NASA improves Columbia space shuttle fuel tank Wednesday, December 29 2004 17:04 Hrs (IST) - World Time -
Washington:
In a major step toward resuming launches of the space shuttle, NASA officials said today (Dec 29, 2004) they have completed improvements that will prevent the falling debris problem that destroyed space shuttle Columbia and killed seven astronauts.
The first improved and redesigned tank is scheduled to be shipped from the Michoud Assembly Facility near New Orleans on Friday (Dec 31, 2004) and will arrive at the Kennedy Space Centre five or six days later. It will then be further tested, mounted on space shuttle Discovery and readied for a launch in May or June, officials said.
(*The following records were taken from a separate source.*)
lemma unmatched_clique_vert:
  "x \<in> blowup_clique p e \<Longrightarrow> e \<in> edges T \<Longrightarrow> x \<notin> matched_verts T \<Longrightarrow>
     (\<exists>u \<in> e. x = Inl u) \<or> (\<exists>i \<ge> 2. x = Inr (e, i))"
  by (auto simp: blowup_clique_def matched_verts_def)

definition blowup_colour :: "('a \<Rightarrow> nat) \<Rightarrow> 'a + 'a set \<times> nat \<Rightarrow> nat" where
  "blowup_colour col x = (case x of Inl v \<Rightarrow> col v | Inr (e, i) \<Rightarrow> i)"

lemma blowup_colour_distinct:
  fixes col :: "'a \<Rightarrow> nat"
  assumes "wf_graph T" and "\<And>u. col u < 2" and "\<And>u v. adj T u v \<Longrightarrow> col u \<noteq> col v"
    and e: "e \<in> edges T" and "x \<in> blowup_clique p e" and "y \<in> blowup_clique p e" and "x \<noteq> y"
    and "x \<notin> matched_verts T" and "y \<notin> matched_verts T"
  shows "blowup_colour col x \<noteq> blowup_colour col y"
proof -
  have col_inj: "u = v" if "u \<in> e" "v \<in> e" "col u = col v" for u v
    using wf_graph_edgeE[OF assms(1) e] that assms(3) by (metis adj_commute insertE singletonD)
  have col_small: "\<not> 2 \<le> col u" for u
    using assms(2)[of u] by linarith
  show ?thesis
    using unmatched_clique_vert[OF assms(5) e assms(8)] unmatched_clique_vert[OF assms(6) e assms(9)]
      \<open>x \<noteq> y\<close> by (auto simp: blowup_colour_def col_small intro: col_inj)
qed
Sandy Coleman, NASA's external project manager, said that testing of improvements on the tank "gives us confidence that problems like what happened on Columbia will not happen again."
"This is the safest, most reliable tank NASA has ever produced," Coleman said today in a telephone news conference from the Marshall Space Flight Centre in Huntsville, Alabama.
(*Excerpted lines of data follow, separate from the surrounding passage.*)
(* Let $G(\mathcal Y)$ be a developable complex of groups over a connected scwol $\mathcal Y$, let $T$ be a maximal tree in $\mathcal Y$, and identify each local group $G_\sigma$ with its image in $\pi_1(G(\mathcal Y),T)$ under $\iota_T$. Let $N_T$ be the kernel of the action homomorphism $\pi_1(G(\mathcal Y),T)\to\mathrm{Aut}(D(\mathcal Y,T))$. Then: (1) $N_T\le G_\sigma$ for every $\sigma\in V(\mathcal Y)$; (2) $\psi_a(N_T)=N_T$ for every $a\in E(\mathcal Y)$; (3) $N_T\trianglelefteq G_\sigma$ for every $\sigma\in V(\mathcal Y)$; (4) if $N'$ is any subgroup of $\pi_1(G(\mathcal Y),T)$ with $N'\le G_\sigma$ and $N'\trianglelefteq G_\sigma$ for every $\sigma\in V(\mathcal Y)$ and $\psi_a(N')=N'$ for every $a\in E(\mathcal Y)$, then $N'\le N_T$.
   Context: Scwols. A scwol $\mathcal X$ consists of a set $V(\mathcal X)$ of vertices, a set $E(\mathcal X)$ of edges, maps $i,t:E(\mathcal X)\to V(\mathcal X)$, and a composition $(a,b)\mapsto ab\in E(\mathcal X)$ defined on $E^{(2)}(\mathcal X)=\{(a,b): i(a)=t(b)\}$, such that $i(ab)=i(b)$, $t(ab)=t(a)$, $(ab)c=a(bc)$ whenever defined, and $i(a)\neq t(a)$ for all $a$. For a vertex $\alpha$ put $i(\alpha)=t(\alpha)=\alpha$. The geometric realization $|\mathcal X|$ has one $k$-simplex for each sequence of $k$ composable edges; $\mathcal X$ is connected if $|\mathcal X|$ is. A maximal tree in $\mathcal X$ means a maximal tree in the 1-skeleton of $|\mathcal X|$. Complexes of groups. A complex of groups $G(\mathcal Y)=(G_\sigma,\psi_a,g_{a,b})$ over a scwol $\mathcal Y$ consists of groups $G_\sigma$ ($\sigma\in V(\mathcal Y)$), injective homomorphisms $\psi_a:G_{i(a)}\to G_{t(a)}$ ($a\in E(\mathcal Y)$) and elements $g_{a,b}\in G_{t(a)}$ ($(a,b)\in E^{(2)}(\mathcal Y)$) with $\mathrm{Ad}(g_{a,b})\psi_{ab}=\psi_a\psi_b$ and $\psi_a(g_{b,c})g_{a,bc}=g_{a,b}g_{ab,c}$. It is developable if it is isomorphic to the complex of groups associated to an action of a group on a scwol; for developable $G(\mathcal Y)$ over connected $\mathcal Y$, the maps $G_\sigma\to\pi_1(G(\mathcal Y),T)$ are injective. Fundamental group and universal cover. The universal group $FG(\mathcal Y)$ is generated by $\bigsqcup_\sigma G_\sigma$ and symbols $a^+,a^-$ ($a\in E(\mathcal Y)$) subject to: the relations of each $G_\sigma$; $(a^\pm)^{-1}=a^\mp$; $a^+b^+=g_{a,b}(ab)^+$ for $(a,b)\in E^{(2)}(\mathcal Y)$; $\psi_a(g)=a^+ga^-$ for $g\in G_{i(a)}$. For a maximal tree $T$ in $\mathcal Y$, $\pi_1(G(\mathcal Y),T)$ is the quotient of $FG(\mathcal Y)$ by the additional relations $a^+=1$ for $a$ in $T$; $\iota_T$ sends $g\in G_\sigma$ to its image and $a$ to the image of $a^+$. The universal cover $D(\mathcal Y,T)$ is the scwol with vertices $([g],\sigma)$, $\sigma\in V(\mathcal Y)$, $[g]\in \pi_1(G(\mathcal Y),T)/\iota_T(G_\sigma)$, edges $([g],a)$, $a\in E(\mathcal Y)$, $[g]\in\pi_1(G(\mathcal Y),T)/\iota_T(G_{i(a)})$, $i([g],a)=([g],i(a))$, $t([g],a)=([g\,\iota_T(a)^{-1}],t(a))$, and $([g],a)([h],b)=([h],ab)$ when $(a,b)\in E^{(2)}(\mathcal Y)$ and $g^{-1}h\,\iota_T(b)^{-1}\in\iota_T(G_{i(a)})$; $\pi_1(G(\mathcal Y),T)$ acts by $h\cdot([g],\alpha)=([hg],\alpha)$. *)

theory Defs
  imports "HOL-Algebra.Algebra"
begin

record ('v, 'e) scwol =
  sV  :: "'v set"
  sE  :: "'e set"
  ini :: "'e \<Rightarrow> 'v"
  ter :: "'e \<Rightarrow> 'v"
  cmp :: "'e \<Rightarrow> 'e \<Rightarrow> 'e"

definition comp2 :: "('v, 'e) scwol \<Rightarrow> ('e \<times> 'e) set" where
  "comp2 W = {(a, b). a \<in> sE W \<and> b \<in> sE W \<and> ini W a = ter W b}"

definition scwol :: "('v, 'e) scwol \<Rightarrow> bool" where
  "scwol W \<longleftrightarrow>
     (\<forall>a \<in> sE W. ini W a \<in> sV W \<and> ter W a \<in> sV W \<and> ini W a \<noteq> ter W a) \<and>
     (\<forall>(a, b) \<in> comp2 W. cmp W a b \<in> sE W \<and>
        ini W (cmp W a b) = ini W b \<and> ter W (cmp W a b) = ter W a) \<and>
     (\<forall>a b c. (a, b) \<in> comp2 W \<longrightarrow> (b, c) \<in> comp2 W \<longrightarrow>
        cmp W (cmp W a b) c = cmp W a (cmp W b c))"

text \<open>1-skeleton of the geometric realization: vertices sV, one (unoriented) edge per a.\<close>
definition edge_rel :: "('v, 'e) scwol \<Rightarrow> 'e set \<Rightarrow> ('v \<times> 'v) set" where
  "edge_rel W ES = {(ini W a, ter W a) | a. a \<in> ES} \<union> {(ter W a, ini W a) | a. a \<in> ES}"

definition graph_connected :: "('v, 'e) scwol \<Rightarrow> 'v set \<Rightarrow> 'e set \<Rightarrow> bool" where
  "graph_connected W VS ES \<longleftrightarrow>
     VS \<noteq> {} \<and> (\<forall>x \<in> VS. \<forall>y \<in> VS. (x, y) \<in> (edge_rel W ES)\<^sup>*)"

text \<open>|W| is connected iff its 1-skeleton is connected.\<close>
definition scwol_connected :: "('v, 'e) scwol \<Rightarrow> bool" where
  "scwol_connected W \<longleftrightarrow> (\<forall>x \<in> sV W. \<forall>y \<in> sV W. (x, y) \<in> (edge_rel W (sE W))\<^sup>*)"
The changes in the external tank add less than 68 kilograms in weight. The added costs are still being tallied, said Coleman. The old style fuel tanks cost about $ 40 million and Coleman said that the new tank would be more expensive.
The external tank contains liquid hydrogen and oxygen, which are the propellants used by the shuttle's main rocket engines during launch. The super-cooled propellants cause the formation of ice on the outside of the tank as the shuttle is prepared for launch.